- Task:
Write down exactly the lines from the one with "(\<forall>i<n. w i" to the end of the data, first and last included, and no others.
Data for the task START
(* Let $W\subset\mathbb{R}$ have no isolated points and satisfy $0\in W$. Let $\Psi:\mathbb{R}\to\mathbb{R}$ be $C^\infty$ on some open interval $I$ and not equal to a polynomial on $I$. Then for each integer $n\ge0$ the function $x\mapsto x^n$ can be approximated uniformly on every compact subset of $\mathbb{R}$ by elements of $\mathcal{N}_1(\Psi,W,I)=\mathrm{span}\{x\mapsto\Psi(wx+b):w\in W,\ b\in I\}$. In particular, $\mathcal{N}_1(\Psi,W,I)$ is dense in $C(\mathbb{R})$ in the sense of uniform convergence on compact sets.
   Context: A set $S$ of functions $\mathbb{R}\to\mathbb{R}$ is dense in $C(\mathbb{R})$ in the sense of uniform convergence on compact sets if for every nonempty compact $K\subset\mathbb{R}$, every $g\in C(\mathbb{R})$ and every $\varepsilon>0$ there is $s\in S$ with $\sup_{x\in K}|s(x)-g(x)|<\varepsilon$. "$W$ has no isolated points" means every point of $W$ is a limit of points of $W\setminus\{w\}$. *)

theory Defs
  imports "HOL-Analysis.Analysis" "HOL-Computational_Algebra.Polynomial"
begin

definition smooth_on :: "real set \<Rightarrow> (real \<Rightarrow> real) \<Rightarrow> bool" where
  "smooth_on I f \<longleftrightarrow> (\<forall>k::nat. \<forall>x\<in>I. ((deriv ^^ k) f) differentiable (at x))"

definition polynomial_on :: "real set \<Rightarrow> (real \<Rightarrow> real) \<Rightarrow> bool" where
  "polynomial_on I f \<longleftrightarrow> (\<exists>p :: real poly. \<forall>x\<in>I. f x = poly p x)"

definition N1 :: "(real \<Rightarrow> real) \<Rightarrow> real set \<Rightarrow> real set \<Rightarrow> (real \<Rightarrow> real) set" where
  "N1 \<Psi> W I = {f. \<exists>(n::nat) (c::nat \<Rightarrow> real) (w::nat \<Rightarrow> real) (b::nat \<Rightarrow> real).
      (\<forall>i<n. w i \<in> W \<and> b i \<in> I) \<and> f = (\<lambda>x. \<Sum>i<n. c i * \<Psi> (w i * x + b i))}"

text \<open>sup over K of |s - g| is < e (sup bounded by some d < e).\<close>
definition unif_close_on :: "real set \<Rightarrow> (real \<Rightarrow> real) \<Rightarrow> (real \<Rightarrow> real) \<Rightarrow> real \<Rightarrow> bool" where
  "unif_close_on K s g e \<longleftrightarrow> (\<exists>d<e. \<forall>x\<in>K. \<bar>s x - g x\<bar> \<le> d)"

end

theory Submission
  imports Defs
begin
Data for the task END
- Response below:
      (\<forall>i<n. w i \<in> W \<and> b i \<in> I) \<and> f = (\<lambda>x. \<Sum>i<n. c i * \<Psi> (w i * x + b i))}"

text \<open>sup over K of |s - g| is < e (sup bounded by some d < e).\<close>
definition unif_close_on :: "real set \<Rightarrow> (real \<Rightarrow> real) \<Rightarrow> (real \<Rightarrow> real) \<Rightarrow> real \<Rightarrow> bool" where
  "unif_close_on K s g e \<longleftrightarrow> (\<exists>d<e. \<forall>x\<in>K. \<bar>s x - g x\<bar> \<le> d)"

end

theory Submission
  imports Defs
begin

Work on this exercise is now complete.